In den meisten Pfarreien sehen wir eine steigende Zahl junger Menschen zwischen 20 und 45 Jahren, die sich der Kirche anschließen – vor allem in den Städten. Sie haben ihren Weg zur Kirche oft über das Internet und katholische Influencer in den sozialen Medien gefunden. Dieses Wachstum ist auch in anderen westeuropäischen Ländern sichtbar, wo viele junge Menschen der römisch-katholischen Kirche beitreten, insbesondere in Frankreich und England. Diese Menschen sind oft aufgeschlossen und unvoreingenommen gegenüber Kirche und Glauben. In den Niederlanden sind die Zahlen nicht riesig, aber wir hören diese Stimmen von fast jedem Pfarrer. Es ist klar, dass sich etwas tut. Wir sehen es auch im Interesse am Priesteramt: Es gibt viele neue Bewerbungen für das Priesteramt. Der jüngeren Generation fehlt oft ein fester Punkt in ihrem Leben. Ihr Leben hat keinen tieferen Sinn oder Zweck. Doch Sinnfragen stellen sich für alle, auch für sie. Mit dem Projekt der „Missionarischen Pfarreien“ versuchen wir als Kirche der Erzdiözese Utrecht, eine Antwort auf dieses Problem zu geben. Unter anderem durch den Alpha-Kurs (Abende mit Essen und Gesprächen über den Glauben), Familien An Sonntagen, an denen Eltern, Erstkommunikanten und junge Menschen, die sich auf die Firmung vorbereiten, eine Katechese auf ihrem Niveau erhalten und an der Feier der Eucharistie und einem gemeinsamen Essen sowie anderen niedrigschwelligen Aktivitäten teilnehmen, erreichen wir diejenigen, die nach Sinn suchen.

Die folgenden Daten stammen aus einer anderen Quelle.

(* Let $k\geq2$ and let $L=(l_1,\dots,l_k)$ be positive integers with sum $n$ which are generic and reduced. Then the Euler characteristic of $Tonn^{n,k}(L)$ is $0$.
   Context: $L=(l_1,\dots,l_k)$ is generic if for all subsets $I,J\subseteq[k]$, $\sum_{i\in I}l_i=\sum_{j\in J}l_j$ implies $I=J$. $L$ is reduced if $\gcd(l_1,\dots,l_k)=1$. The generalized tonnetz $Tonn^{n,k}(L)$ is the simplicial complex on vertex set $\mathbb{Z}_n$ whose maximal simplices are the sets $\Delta(x;\sigma)=\{x,\,x+l_{\sigma(1)},\dots,x+l_{\sigma(1)}+\dots+l_{\sigma(k-1)}\}$ (sums in $\mathbb{Z}_n$), for $x\in\mathbb{Z}_n$ and $\sigma\in S_k$; its simplices are all subsets of these sets. *)

theory Defs
  imports Main "HOL-Combinatorics.Permutations"
begin

text \<open>Lengths L = (l 0, ..., l (k-1)) indexed from 0; vertices of Z_n are 0..<n,
  sums taken mod n. Permutations sigma of {0..<k}.\<close>

definition tonnetz_max :: "nat \<Rightarrow> nat \<Rightarrow> (nat \<Rightarrow> nat) \<Rightarrow> nat set set" where
  "tonnetz_max n k l =
     {{(x + (\<Sum>j<i. l (\<sigma> j))) mod n | i. i < k} | x \<sigma>. x < n \<and> \<sigma> permutes {..<k}}"

text \<open>All simplices (including the empty face).\<close>
definition tonnetz :: "nat \<Rightarrow> nat \<Rightarrow> (nat \<Rightarrow> nat) \<Rightarrow> nat set set" where
  "tonnetz n k l = {F. \<exists>D\<in>tonnetz_max n k l. F \<subseteq> D}"

definition generic :: "nat \<Rightarrow> (nat \<Rightarrow> nat) \<Rightarrow> bool" where
  "generic k l \<longleftrightarrow> (\<forall>I J. I \<subseteq> {..<k} \<longrightarrow> J \<subseteq> {..<k} \<longrightarrow>
      (\<Sum>i\<in>I. l i) = (\<Sum>j\<in>J. l j) \<longrightarrow> I = J)"

definition reduced :: "nat \<Rightarrow> (nat \<Rightarrow> nat) \<Rightarrow> bool" where
  "reduced k l \<longleftrightarrow> Gcd (l ` {..<k}) = 1"

definition euler_char :: "'a set set \<Rightarrow> int" where
  "euler_char K = (\<Sum>F\<in>{F\<in>K. F \<noteq> {}}. (-1) ^ (card F - 1))"

end

theory Submission
  imports Defs
begin

(*
  A nonempty face F of the tonnetz with least vertex y has the form
  {y} \<union> {y + l(C) | C \<in> X}, where l(C) is the sum of the l i over i \<in> C and X is a chain of
  nonempty subsets C of {0..k-1} with y + l(C) < n.  For generic L the pair (y, X) is determined
  by F, and |F| = |X| + 1, so the Euler characteristic is the sum over y < n of the alternating
  count of such chains.  For a down-closed family Q of nonempty finite sets the alternating count
  of chains in Q is 1 + \<Sum>_{T\<in>Q} (-1)^|T| (barycentric subdivision preserves the Euler
  characteristic).  Exchanging the summations leaves \<Sum>_{T \<subseteq> {0..k-1}} (-1)^|T| (n - l(T)),
  which vanishes as soon as k \<ge> 2.
*)

lemma sum_Pow_remove:
  assumes "finite A" "a \<in> A"
  shows "(\<Sum>T\<in>Pow A. f T) = (\<Sum>T\<in>Pow (A - {a}). f T + f (insert a T))"
proof -
  have "Pow A = Pow (A - {a}) \<union> insert a ` Pow (A - {a})"
    using assms(2) Pow_insert[of a "A - {a}"] by (simp add: insert_absorb)
  then have "(\<Sum>T\<in>Pow A. f T) = (\<Sum>T\<in>Pow (A - {a}). f T) + (\<Sum>T\<in>insert a ` Pow (A - {a}). f T)"
    using assms by (simp only:) (rule sum.union_disjoint; auto intro: finite_subset)
  also have "(\<Sum>T\<in>insert a ` Pow (A - {a}). f T) = (\<Sum>T\<in>Pow (A - {a}). f (insert a T))"
    by (rule sum.reindex_cong[where l = "insert a"]) (auto intro!: inj_onI)
  finally show ?thesis by (simp add: sum.distrib)
qed
(* Let $\sigma>0$, $\Omega=[-1,1]^n$, $K(x,y)=e^{-\sigma^2\|x-y\|^2}$, and let $\{\lambda_i\}$ be the eigenvalues (nonincreasing, with multiplicity) of $T[\phi](x)=\int_\Omega K(x,y)\phi(y)\,dy$ on $L_2(\Omega)$ (Lebesgue measure). Then for every fixed $\theta\in(0,\frac12)$, $$\mathcal{E}(\varepsilon,\{\lambda_i\}_{i=1}^\infty)+m_{(1-\theta)\varepsilon}\ln\frac{3}{\theta}=O\Big(\frac{\ln^{n+1}(1/\varepsilon)}{(\ln\ln(1/\varepsilon))^n}\Big)\quad(\varepsilon\to0^+),$$ and consequently $\mathcal{H}(\varepsilon,B_{\mathcal{H}_K},C(\Omega))=O\Big(\frac{\ln^{n+1}(1/\varepsilon)}{(\ln\ln(1/\varepsilon))^n}\Big)$.
   Context: $\mathcal{E}(\varepsilon,\{\lambda_i\}_{i=1}^\infty)=\sum_{i:\lambda_i>\varepsilon}\ln(\lambda_i/\varepsilon)$ and $m_\varepsilon=|\{i:\lambda_i>\varepsilon\}|$. $\mathcal{H}_K$ is the RKHS of $K$, $B_{\mathcal{H}_K}$ its open unit ball viewed in $C(\Omega)$ with sup norm, and $\mathcal{H}(\varepsilon,A,X)$ is the natural log of the minimal number of balls $c+\varepsilon B_X$, $c\in X$, covering $A$. *)

theory Defs
  imports "HOL-Analysis.Analysis"
begin

definition cube :: "(real^'n) set" where
  "cube = {x. \<forall>i. - 1 \<le> x $ i \<and> x $ i \<le> 1}"

definition gaussK :: "real \<Rightarrow> real^'n \<Rightarrow> real^'n \<Rightarrow> real" where
  "gaussK \<sigma> x y = exp (- (\<sigma>\<^sup>2) * (norm (x - y))\<^sup>2)"

definition intop :: "(real^'n \<Rightarrow> real^'n \<Rightarrow> real) \<Rightarrow> (real^'n) set
                     \<Rightarrow> (real^'n \<Rightarrow> real) \<Rightarrow> real^'n \<Rightarrow> real" where
  "intop K \<Omega> \<phi> x = (LINT y | lebesgue_on \<Omega>. K x y * \<phi> y)"

definition L2_on :: "(real^'n) set \<Rightarrow> (real^'n \<Rightarrow> real) \<Rightarrow> bool" where
  "L2_on \<Omega> \<phi> \<longleftrightarrow> \<phi> \<in> borel_measurable (lebesgue_on \<Omega>)
                  \<and> integrable (lebesgue_on \<Omega>) (\<lambda>x. (\<phi> x)\<^sup>2)"

definition has_k_orth_eigenfuns ::
  "(real^'n \<Rightarrow> real^'n \<Rightarrow> real) \<Rightarrow> (real^'n) set \<Rightarrow> real \<Rightarrow> nat \<Rightarrow> bool" where
  "has_k_orth_eigenfuns K \<Omega> \<mu> k \<longleftrightarrow>
     (\<exists>\<phi> :: nat \<Rightarrow> real^'n \<Rightarrow> real.
        (\<forall>j<k. L2_on \<Omega> (\<phi> j)
               \<and> (AE x in lebesgue_on \<Omega>. intop K \<Omega> (\<phi> j) x = \<mu> * \<phi> j x))
      \<and> (\<forall>j<k. \<forall>l<k. (LINT x | lebesgue_on \<Omega>. \<phi> j x * \<phi> l x)
                        = (if j = l then 1 else 0)))"
lemma wanda_wins_first_linear:
  assumes "N > 1"
  shows "wanda_wins N 1 True"
proof -
  let ?c = "(\<lambda>_. None)(1 := Some 1)"
  have move: "legal_move N 1 (\<lambda>_. None) 1 1"
    using assms unfolding legal_move_def by auto
  have "has_root_mod N 1 a" if "completes ?c a" for a
  proof -
    have "a 1 = 1"
      using that unfolding completes_def by auto
    then have "int N dvd eval_int a 1 (- int (a 0))"
      unfolding eval_int_def by simp
    then show ?thesis
      using assms has_root_mod_iff_dvd_eval_int[of N 1 a] by auto
  qed
  moreover have "card (free_coeffs 1 ?c) = 1"
    using card_free_coeffs_move[OF move] by simp
  ultimately have "wanda_val N 1 1 ?c False"
    using assms wanda_val_if_completions_have_root by blast
  then have "wanda_val N 1 (Suc 1) (\<lambda>_. None) True"
    by (rule wanda_val_moveI[OF move])
  then show ?thesis
    unfolding wanda_wins_def by (simp only: Suc_eq_plus1)
qed

definition wanda_opening :: "nat \<Rightarrow> nat \<Rightarrow> nat \<Rightarrow> bool" where
  "wanda_opening N d A \<longleftrightarrow>
     (\<exists>u<N. \<forall>a. a 0 = A \<longrightarrow> a 1 = u \<longrightarrow> has_root_mod N d a) \<and>
     (\<forall>v<N. (\<forall>a. a 0 = A \<longrightarrow> a 1 = v \<longrightarrow> has_root_mod N d a) \<or>
            (\<exists>w<N. \<forall>a. a 0 = A \<longrightarrow> a 1 = v \<longrightarrow> a 2 = w \<longrightarrow> has_root_mod N d a))"

lemma wanda_val_opening_reply:
  assumes N: "N > 1" and d: "d \<ge> 3" and A: "wanda_opening N d A"
    and c: "c 0 = Some A" "free_coeffs d c = {1..d}" and move: "legal_move N d c i v"
  shows "wanda_val N d (Suc (d - 2)) (c(i := Some v)) True"
proof -
  let ?c = "c(i := Some v)"
  have i: "c i = None" "v < N"
    using move unfolding legal_move_def by auto
  have "i \<noteq> 0"
    using i(1) c(1) by (metis option.distinct(1))
  have card: "card (free_coeffs d ?c) = d - 1"
    using card_free_coeffs_move[OF move] c(2) by simp
  have "1 \<in> free_coeffs d c" "2 \<in> free_coeffs d c"
    using c(2) d by auto
  then have free: "c 1 = None" "c 2 = None"
    unfolding free_coeffs_def by auto
  have answer: "wanda_val N d (Suc (d - 2)) ?c True"
    if reply: "legal_move N d ?c j w" and roots: "\<And>a. a 0 = A \<Longrightarrow> a j = w \<Longrightarrow> a i = v \<Longrightarrow> has_root_mod N d a"
    for j w
  proof (rule wanda_val_moveI[OF reply], rule wanda_val_if_completions_have_root[OF N])
    show "card (free_coeffs d (?c(j := Some w))) = d - 2"
      using card_free_coeffs_move[OF reply] card by simp
    have "?c j = None"
      using reply unfolding legal_move_def by simp
    then have "j \<noteq> i" "c j = None"
      by (auto split: if_splits)
    then have "j \<noteq> 0"
      using c(1) by (metis option.distinct(1))
    show "has_root_mod N d a" if "completes (?c(j := Some w)) a" for a
    proof (rule roots)
      show "a 0 = A" "a j = w" "a i = v"
        using that c(1) \<open>i \<noteq> 0\<close> \<open>j \<noteq> 0\<close> \<open>j \<noteq> i\<close> unfolding completes_def by auto
    qed
  qed
  show ?thesis
  proof (cases "i = 1")
    case True
    from A i(2) consider "\<forall>a. a 0 = A \<longrightarrow> a 1 = v \<longrightarrow> has_root_mod N d a"
      | w where "w < N" "\<forall>a. a 0 = A \<longrightarrow> a 1 = v \<longrightarrow> a 2 = w \<longrightarrow> has_root_mod N d a"
      unfolding wanda_opening_def by blast
    then show ?thesis
    proof cases
      case 1
      have "has_root_mod N d a" if "completes ?c a" for a
      proof -
        have "a 0 = A" "a 1 = v"
          using that c(1) True unfolding completes_def by auto
        then show ?thesis
          using 1 by blast
      qed
      then show ?thesis
        using card d by (intro wanda_val_if_completions_have_root[OF N]) auto
    next
      case (2 w)
      have "legal_move N d ?c 2 w"
        using 2(1) d True free unfolding legal_move_def by auto
      then show ?thesis
        using answer 2(2) True by blast
    qed
  next
    case False
    obtain u where u: "u < N" "\<forall>a. a 0 = A \<longrightarrow> a 1 = u \<longrightarrow> has_root_mod N d a"
      using A unfolding wanda_opening_def by blast
    have "legal_move N d ?c 1 u"
      using u(1) d False free unfolding legal_move_def by auto
    then show ?thesis
      using answer u(2) by blast
  qed
qed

Ein skandinavischer Bischof, Erik Varden, erklärte dieser Zeitung vor einigen Monaten, seiner Meinung nach sei es falsch, von einer postchristlichen Welt zu sprechen. Tatsächlich, so bemerkte er, sei die Welt inzwischen postsäkular. Er sagte: „Die Säkularisierung hat ihren Lauf genommen. Sie ist erschöpft und ohne positives Ziel.Teilen Sie diese Ansicht? 


Es ist noch etwas früh, der gegenwärtigen Ära eine neue Bezeichnung zu geben. Im Westen begann die  Säkularisierung aufgrund des rasanten Wohlstandswachstums. Dieser zunehmende Wohlstand gab den Menschen die Möglichkeit, sich von der Gemeinschaft, einschließlich der Kirchengemeinschaft, der sie angehörten, zu lösen. Dies ermöglichte es ihnen, sich als Individuen zu entwickeln und ihre eigenen Werte und Normen zu wählen. In der heutigen Gesellschaft ist fast alles käuflich, außer dem Sinn und der Bedeutung, die über den Tod hinausgehen. Nur Christus kann dieses Angebot machen – kostenlos, aber nicht ohne Verpflichtung. Ich denke, immer mehr Menschen empfinden Unzufriedenheit mit der Leere der gegenwärtigen säkularen Welt, aber von einer postsäkularen Welt zu sprechen, erscheint mir bereits verfrüht – insbesondere angesichts der Zahlen der Säkularisierung und der unverhältnismäßigen Betonung materialistischer Werte wie Wirtschaftswachstum."